Talk about working the graveyard shift down at the old meat market - and I do mean meat market. Prices aren't the only things being slashed at the Walnut Lake Market tonight. Cleanup on aisle 5 - and 7 - and 10 - and, oh hell, the whole darn place is a bloodbath. (Sorry - I thought it would be best if I went ahead and got some of those corny clichéd lines out of my system right here at the start.) You know, there's nothing like a low-budget horror movie that really steps up and delivers the goods - it doesn't happen often, but it definitely happened back in 1989 with the release of Intruder. If you thought The Mist was the first "panic in a supermarket" film ever made, you're really missing out. Intruders, even the edited version (a pox on censors and the studios that give in to them), is a gory classic. Just look at what you get here: lots of blood and gore delivered by some pretty interesting murder implements, a bit of a mystery as to who the killer really is (even though I had no trouble discerning early on just how it would all play out), a fairly hot heroine (Elizabeth Cox) sporting a classic 80s hairstyle, not one but two Raimis among the cast, and even a very funny (albeit borrowed) decapitation story. You'll notice I left the Bruce Campbell cameo out of this list - it's so short and pedestrian that it really isn't worth mentioning (except to point out how disingenuous it is of the studio to market the film as a Bruce Campbell vehicle) - heck, I didn't even notice The Chinned One my first time through.
It's almost closing time at the market when Craig Peterson (David Byrnes - not to be confusing with Talking Heads front man and all-around musical genius David Byrne) shows up wanting to talk to his old girlfriend Jennifer (Elizabeth Cox). He's already miffed over the fact that she never even wrote to him during his recent stay in prison, so it's no surprise that her face-to-face rejection of him results in him causing quite a fracas. Being the super-macho man that he is, Craigie runs off and hides somewhere inside the store. The night doesn't get much better after the night crew finally tracks Craig down and throws him out, as that's when co-owners Danny (Eugene R. Glazer) and Bill (Dan Hicks) announce that they are selling the store.

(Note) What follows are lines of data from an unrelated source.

lemma sym_diff_total_eq: "3 * sym_diff_total n = int n * (2 * int n + 1) * int (2 * n choose n)"
proof (induction n)
  case 0
  show ?case by (simp add: sym_diff_total_def S_0)
next
  case (Suc n)
  have "3 * sym_diff_total (Suc n) =
      4 * (3 * sym_diff_total n) + 12 * diag_gap_total n + 6 * diag_gap_count n 0"
    by (simp add: sym_diff_total_Suc)
  also have "\<dots> = (2 * int n + 3) * (2 * (2 * int n + 1) * int (2 * n choose n))"
    unfolding Suc.IH diag_gap_total_eq diag_gap_count_0 by (simp add: algebra_simps)
  also have "\<dots> = (2 * int n + 3) * int (Suc n * (2 * Suc n choose Suc n))"
    by (simp only: Suc_times_central_binomial) (simp add: algebra_simps)
  finally show ?case by (simp add: algebra_simps)
qed

lemma wiener_S: "int (wiener (S n) (\<subseteq>)) = sym_diff_total n"
  using wiener_ideals[OF finite_shifted_staircase, of n]
  by (simp add: sym_diff_total_def S_def)

lemma wiener_S_closed_form:
  "real (wiener (S n) (\<subseteq>)) = real n * (2 * real n + 1) * real (2 * n choose n) / 3"
proof -
  have "real_of_int (3 * sym_diff_total n) =
      real_of_int (int n * (2 * int n + 1) * int (2 * n choose n))"
    by (simp only: sym_diff_total_eq)
  then show ?thesis by (simp add: wiener_S[symmetric])
qed

section \<open>Asymptotics\<close>

lemma central_binomial_eq_twice: "0 < n \<Longrightarrow> 2 * n choose n = 2 * (2 * n - 1 choose n)"
proof -
  assume "0 < n"
  then obtain m where n: "n = Suc m" by (cases n) auto
  have "2 * n - 1 choose m = 2 * n - 1 choose n"
    using binomial_symmetric[of m "2 * n - 1"] n by simp
  moreover have "2 * n choose n = (2 * n - 1 choose m) + (2 * n - 1 choose n)"
    using n by simp
  ultimately show ?thesis by simp
qed
text \<open>Up to \<open>s\<close> the complement of \<open>P\<close> agrees with \<open>G\<close>; beyond \<open>s\<close> use \<open>balance G s \<le> balance G m\<close>.\<close>

lemma prefix_count_le_complement_flip: "prefix_count G m \<le> prefix_count ({1..n} - P) m"
proof -
  define m' where "m' = min m n"
  have "m' \<le> n" unfolding m'_def by simp
  have reduce: "prefix_count G m = prefix_count G m'"
    "prefix_count ({1..n} - P) m = prefix_count ({1..n} - P) m'"
    unfolding m'_def using prefix_count_min[OF G_sub] prefix_count_min[of "{1..n} - P" n] by auto
  have "{x\<in>{1..n} - P. x \<le> m'} = {1..m'} - P" using \<open>m' \<le> n\<close> by auto
  then have complement: "prefix_count ({1..n} - P) m' = m' - prefix_count P m'"
    using card_atLeastAtMost_Diff[OF flip_subset, of m'] by (simp add: prefix_count_def)
  have "prefix_count G m' \<le> m' - prefix_count P m'"
  proof (cases "m' < s")
    case True
    then show ?thesis using prefix_count_flip[of m'] prefix_count_le[OF G_sub, of m'] by simp
  next
    case False
    have "balance G s \<le> balance G m'"
    proof (cases "s = m'")
      case False
      then have "s < m'" using \<open>\<not> m' < s\<close> by simp
      then show ?thesis using balance_gt_after_pivot[OF _ \<open>m' \<le> n\<close>] balance_pivot by fastforce
    qed simp
    moreover have "a \<le> prefix_count G m'" using prefix_count_mono[OF finite_G] False by simp
    ultimately show ?thesis
      using prefix_count_flip[of m'] False prefix_count_le[OF flip_subset, of m'] prefix_count_pivot_le
      unfolding balance_def by simp
  qed
  then show ?thesis using reduce complement by simp
qed

lemma exists_shift_le_disjoint_flip: "\<exists>T \<in> rsets n l. shift_le T G \<and> T \<inter> P = {}"
proof -
  define C where "C = {1..n} - P"
  have "finite C" unfolding C_def by simp
  have "card C = n - k"
    unfolding C_def using card_flip flip_subset by (simp add: card_Diff_subset finite_subset)
  then have "l \<le> card C" using k_l_le_n by simp
  then obtain T where T: "T \<subseteq> C" "card T = l" "\<forall>m. min l (prefix_count C m) \<le> prefix_count T m"
    using exists_subset_prefix_count_ge[OF \<open>finite C\<close>] by blast
  have "shift_le T G"
  proof (rule shift_le_if_prefix_count_le)
    show "finite T" "card T = card G" using T card_G \<open>finite C\<close> by (auto intro: finite_subset)
    fix m
    have "prefix_count G m \<le> min l (prefix_count C m)"
      using prefix_count_le_complement_flip[of m] prefix_count_le_card[OF finite_G, of m] card_G
      unfolding C_def by simp
    then show "prefix_count G m \<le> prefix_count T m" using T(3) order_trans by blast
  qed (rule finite_G)
  moreover have "T \<in> rsets n l" "T \<inter> P = {}" using T unfolding C_def rsets_def by auto
  ultimately show ?thesis by blast
qed
(* Let $\lambda_{\operatorname{gr}}\ge0$ and let $X=(V,E,T)$ be an $(s,k,K)$-two layer system whose ground graph is a $\lambda_{\operatorname{gr}}$-expander. Let $A\subseteq E$ be non-empty, $0<\mu<1$, and $U\subseteq V$ a set of vertices that are $\mu$-large with respect to $A$. For $0\le i\le k$ let $A^i_U=\{\tau\in A:|\tau\cap U|=i\}$. If $\frac{w(A)}{w(E)}\le\frac{4\mu^2}{s^3(s-1)^2}$, then $$\frac{s(s-1)(k-1)}{2\mu}\lambda_{\operatorname{gr}}+\frac{s^3(s-1)^2}{4\mu^2}\frac{w(A)}{w(E)}\ge\left(1-\frac{s(s-1)(k-1)}{2\mu}\lambda_{\operatorname{gr}}\right)\sum_{i=2}^k(i-1)\frac{w(A^i_U)}{w(A)}.$$
   Context: Let $s,k,K$ be positive integers. An $(s,k,K)$-two layer system is a triple $X=(V,E,T)$ where: $V$ is a finite set; $E\subseteq 2^V$ with $|\tau|=k$ for all $\tau\in E$ and $\bigcup_{\tau\in E}\tau=V$; $T\subseteq 2^E$ with $|\sigma|=K$ for all $\sigma\in T$ and $\bigcup_{\sigma\in T}\sigma=E$. Write $v\in\sigma$ if $v\in\tau$ for some $\tau\in\sigma$; it is required that $2\le|\{\tau\in\sigma:v\in\tau\}|\le s$ for all $\sigma\in T$, $v\in\sigma$ (so $s\ge2$). A positive $w:T\to\mathbb{R}_{>0}$ is fixed and extended by $w(\tau)=\sum_{\sigma\ni\tau}w(\sigma)$ ($\tau\in E$), $w(v)=\sum_{\sigma\in T,v\in\sigma}w(\sigma)$, $w(B)=\sum_{\eta\in B}w(\eta)$. For $v\in V$, $E_v=\{\tau\in E:v\in\tau\}$; the link of $v$ is the graph on $E_v$ where distinct $\tau_1,\tau_2$ are adjacent iff some $\sigma\in T$ contains both, with weight $m_v(\{\tau_1,\tau_2\})=\sum_{\sigma\in T,\tau_1,\tau_2\in\sigma}w(\sigma)$; $m_v(\tau)$ is the sum of weights of link edges at $\tau$, $m_v(B)=\sum_{\tau\in B}m_v(\tau)$. For $A\subseteq E$, $A_v=A\cap E_v$, and $v$ is $\mu$-large w.r.t. $A$ if $m_v(A_v)/m_v(E_v)\ge\mu$. The ground graph of $X$ has vertex set $V$, distinct $u,v$ adjacent iff some $\tau\in E$ contains both, with weight $m_{\operatorname{gr}}(\{u,v\})=\sum_{\tau\in E,u,v\in\tau}w(\tau)$. For a weighted graph $(V,E,m)$: $m(v)=\sum_{e\ni v}m(e)$, $m(U)=\sum_{v\in U}m(v)$, $m(U_1,U_2)=\sum_{(u_1,u_2)\in U_1\times U_2,\{u_1,u_2\}\in E}m(\{u_1,u_2\})$, $h_G=\min_{\emptyset\ne U\subsetneq V}\frac{m(U,V\setminus U)m(V)}{m(U)m(V\setminus U)}$; $G$ is a $\lambda$-expander if $1-h_G\le\lambda$. *)

theory Defs
  imports Complex_Main
begin

text \<open>A weighted graph is given by a finite vertex set VG and a weight function mw on pairs
  of vertices; mw u v is the weight of the edge {u,v} (and 0 if it is not an edge).\<close>

definition gvert_weight :: "'a set \<Rightarrow> ('a \<Rightarrow> 'a \<Rightarrow> real) \<Rightarrow> 'a \<Rightarrow> real" where
  "gvert_weight VG mw v = (\<Sum>u\<in>VG - {v}. mw v u)"

definition gset_weight :: "'a set \<Rightarrow> ('a \<Rightarrow> 'a \<Rightarrow> real) \<Rightarrow> 'a set \<Rightarrow> real" where
  "gset_weight VG mw U = (\<Sum>v\<in>U. gvert_weight VG mw v)"

definition gcut_weight :: "('a \<Rightarrow> 'a \<Rightarrow> real) \<Rightarrow> 'a set \<Rightarrow> 'a set \<Rightarrow> real" where
  "gcut_weight mw U1 U2 = (\<Sum>p\<in>{p \<in> U1 \<times> U2. fst p \<noteq> snd p}. mw (fst p) (snd p))"

definition h_graph :: "'a set \<Rightarrow> ('a \<Rightarrow> 'a \<Rightarrow> real) \<Rightarrow> real" where
  "h_graph VG mw = Min ((\<lambda>U. gcut_weight mw U (VG - U) * gset_weight VG mw VG
        / (gset_weight VG mw U * gset_weight VG mw (VG - U))) ` {U. U \<noteq> {} \<and> U \<subset> VG})"

definition is_expander :: "real \<Rightarrow> 'a set \<Rightarrow> ('a \<Rightarrow> 'a \<Rightarrow> real) \<Rightarrow> bool" where
  "is_expander lam VG mw \<longleftrightarrow> 1 - h_graph VG mw \<le> lam"

definition two_layer_system ::
  "nat \<Rightarrow> nat \<Rightarrow> nat \<Rightarrow> 'v set \<Rightarrow> 'v set set \<Rightarrow> 'v set set set \<Rightarrow> bool" where
  "two_layer_system s k K V E T \<longleftrightarrow>
     0 < s \<and> 0 < k \<and> 0 < K \<and> finite V \<and>
     E \<subseteq> Pow V \<and> (\<forall>\<tau>\<in>E. card \<tau> = k) \<and> \<Union>E = V \<and>
     T \<subseteq> Pow E \<and> (\<forall>\<sigma>\<in>T. card \<sigma> = K) \<and> \<Union>T = E \<and>
     (\<forall>\<sigma>\<in>T. \<forall>v\<in>\<Union>\<sigma>. 2 \<le> card {\<tau>\<in>\<sigma>. v \<in> \<tau>} \<and> card {\<tau>\<in>\<sigma>. v \<in> \<tau>} \<le> s)"

text \<open>Weights: w is given on T; w(tau) and w(v) are induced.
  Note v \<in> sigma in the paper means v \<in> \<Union>sigma.\<close>

definition wE :: "'v set set set \<Rightarrow> ('v set set \<Rightarrow> real) \<Rightarrow> 'v set \<Rightarrow> real" where
  "wE T w \<tau> = (\<Sum>\<sigma>\<in>{\<sigma>\<in>T. \<tau> \<in> \<sigma>}. w \<sigma>)"

definition wEs :: "'v set set set \<Rightarrow> ('v set set \<Rightarrow> real) \<Rightarrow> 'v set set \<Rightarrow> real" where
  "wEs T w B = (\<Sum>\<tau>\<in>B. wE T w \<tau>)"

definition Ev :: "'v set set \<Rightarrow> 'v \<Rightarrow> 'v set set" where
  "Ev E v = {\<tau>\<in>E. v \<in> \<tau>}"

definition link_edge_weight ::
  "'v set set set \<Rightarrow> ('v set set \<Rightarrow> real) \<Rightarrow> 'v set \<Rightarrow> 'v set \<Rightarrow> real" where
  "link_edge_weight T w \<tau>1 \<tau>2 = (\<Sum>\<sigma>\<in>{\<sigma>\<in>T. \<tau>1 \<in> \<sigma> \<and> \<tau>2 \<in> \<sigma>}. w \<sigma>)"

definition link_weight ::
  "'v set set \<Rightarrow> 'v set set set \<Rightarrow> ('v set set \<Rightarrow> real) \<Rightarrow> 'v \<Rightarrow> 'v set set \<Rightarrow> real" where
  "link_weight E T w v B = gset_weight (Ev E v) (link_edge_weight T w) B"

definition mu_large ::
  "'v set set \<Rightarrow> 'v set set set \<Rightarrow> ('v set set \<Rightarrow> real) \<Rightarrow> real \<Rightarrow> 'v set set \<Rightarrow> 'v \<Rightarrow> bool" where
  "mu_large E T w \<mu> A v \<longleftrightarrow>
     link_weight E T w v (A \<inter> Ev E v) / link_weight E T w v (Ev E v) \<ge> \<mu>"

definition ground_weight ::
  "'v set set \<Rightarrow> 'v set set set \<Rightarrow> ('v set set \<Rightarrow> real) \<Rightarrow> 'v \<Rightarrow> 'v \<Rightarrow> real" where
  "ground_weight E T w u v = (\<Sum>\<tau>\<in>{\<tau>\<in>E. u \<in> \<tau> \<and> v \<in> \<tau>}. wE T w \<tau>)"

end

(*
  Write j(tau) = |tau \<inter> U|.  A face sigma containing tau contributes between w(sigma) and
  (s-1) w(sigma) to the link degree of tau at v, so mu-largeness of the vertices of U gives
  mu * sum_E w(tau) j(tau) <= (s-1) * sum_A w(tau) j(tau).  In the ground graph
  m(U) = (k-1) sum_E w j, m(V) = (k-1) k w(E), and the edges inside U weigh sum_E w j (j-1),
  which expansion bounds by lam m(U) + (1-lam) m(U)^2 / m(V).  Chebyshev's sum inequality for
  the similarly ordered j-1 and j over A turns this into a self-bound x <= L + beta (1 + x) for
  x = sum_A w (j-1)^+ / w(A), with L <= s(s-1)(k-1) lam / (2 mu) and, by the smallness of
  w(A)/w(E), beta = ((s-1)/mu)^2 w(A)/w(E) <= 4/s^3 <= 1/2.  Solving for x gives the claim.
*)
theory Submission
  imports Defs
begin
(* Let $v$ satisfy the standing assumptions and the doubling condition, and let $g(x)=v(1-x^{-1})$. Suppose that for every $q>1$ there exist $A(q)>1$ and $y_0$ such that for all $y>y_0$ and $x>qy$ one has $g(x)>A(q)\,g(y)$. Let $u(z)=\operatorname{Re}\sum_k a_{n_k}z^{n_k}$ be a Hadamard gap series ($n_k$ positive integers, $n_{k+1}\ge\lambda n_k$, $\lambda>1$). If there is $C$ with $|a_{n_k}|\le C g(n_k)$ for all $k$, then $u\in h^\infty_v$.
   Context: Standing assumptions: $v:[0,1)\to[1,\infty)$ is positive, increasing, continuous, $v(0)=1$, $\lim_{r\to1}v(r)=+\infty$. Doubling condition: there is $D\ge1$ with $v(1-d)\le D\,v(1-2d)$ for all $d\in(0,1/2]$. $h^\infty_v$ is the set of real harmonic $u$ on $\mathbb{D}$ with $|u(z)|\le Kv(|z|)$ for some $K>0$. *)

theory Defs
  imports "HOL-Analysis.Analysis"
begin

text \<open>Real harmonic functions on an open set of the plane (identified with complex):
  C^2 functions whose Laplacian vanishes. ux, uy are the first partials,
  uxx, uxy, uyx, uyy the second partials.\<close>
definition harmonic_on :: "complex set \<Rightarrow> (complex \<Rightarrow> real) \<Rightarrow> bool" where
  "harmonic_on S u \<longleftrightarrow> open S \<and>
     (\<exists>ux uy uxx uxy uyx uyy.
        (\<forall>z\<in>S. (u has_derivative (\<lambda>h. Re h * ux z + Im h * uy z)) (at z)
              \<and> (ux has_derivative (\<lambda>h. Re h * uxx z + Im h * uxy z)) (at z)
              \<and> (uy has_derivative (\<lambda>h. Re h * uyx z + Im h * uyy z)) (at z)
              \<and> uxx z + uyy z = 0)
        \<and> continuous_on S uxx \<and> continuous_on S uxy
        \<and> continuous_on S uyx \<and> continuous_on S uyy)"

definition weight :: "(real \<Rightarrow> real) \<Rightarrow> bool" where
  "weight v \<longleftrightarrow> (\<forall>r\<in>{0..<1}. v r \<ge> 1) \<and> mono_on {0..<1} v
     \<and> continuous_on {0..<1} v \<and> v 0 = 1 \<and> filterlim v at_top (at_left 1)"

Now, as if their normal post-closing duties aren't enough, the crew also has to start marking down all of the prices in lieu of their impending unemployment. They needn't have bothered working too hard, though, because the vast majority of them are about to be picked off one by one by a bloodthirsty killer. It's almost too easy for the murdering fiend; with everyone spread out all over the store, no one realizes what is going on until it's too late, and the killer has all sorts of implements of death at his disposal - meat hooks, butchers' knives, hydraulic garbage disposals, meat slicers, etc. The special effects aren't always that realistic, but there's plenty of blood and gore for the viewer to enjoy (especially if you have the uncut version of the film). When you get five whole minutes of your bloodiest work edited out by the despicable censers, you know you've done something right.
Some may not care for first-time director Scott Speigel's Raimi-inspired use of wacky camera angles here and there, but you have to admire his success at creating a slasher film uniquely his own - Intruder is in no way a by-the-numbers slasher. Having worked with Sam Raimi as well as Bruce Campbell (both of whom he had known since high school) on the first two Evil Dead films, Speigel knew what he was doing in the director's chair, and it couldn't have hurt to have Sam Raimi right there on hand as one of the actors. Inserting humor into a slasher is always an iffy proposition, but Spiegel gets it pretty close to right here. I would also have to give him my vote for most creative use of a decapitated head in a movie (which really should be an Oscar category, if you ask me).
Even if you figure out what is really going on inside this ill-fated supermarket long before the end credits begin to roll, the conclusion still satisfies with a nice little final twist. That is one of many reasons why Intruder is a true classic of the genre.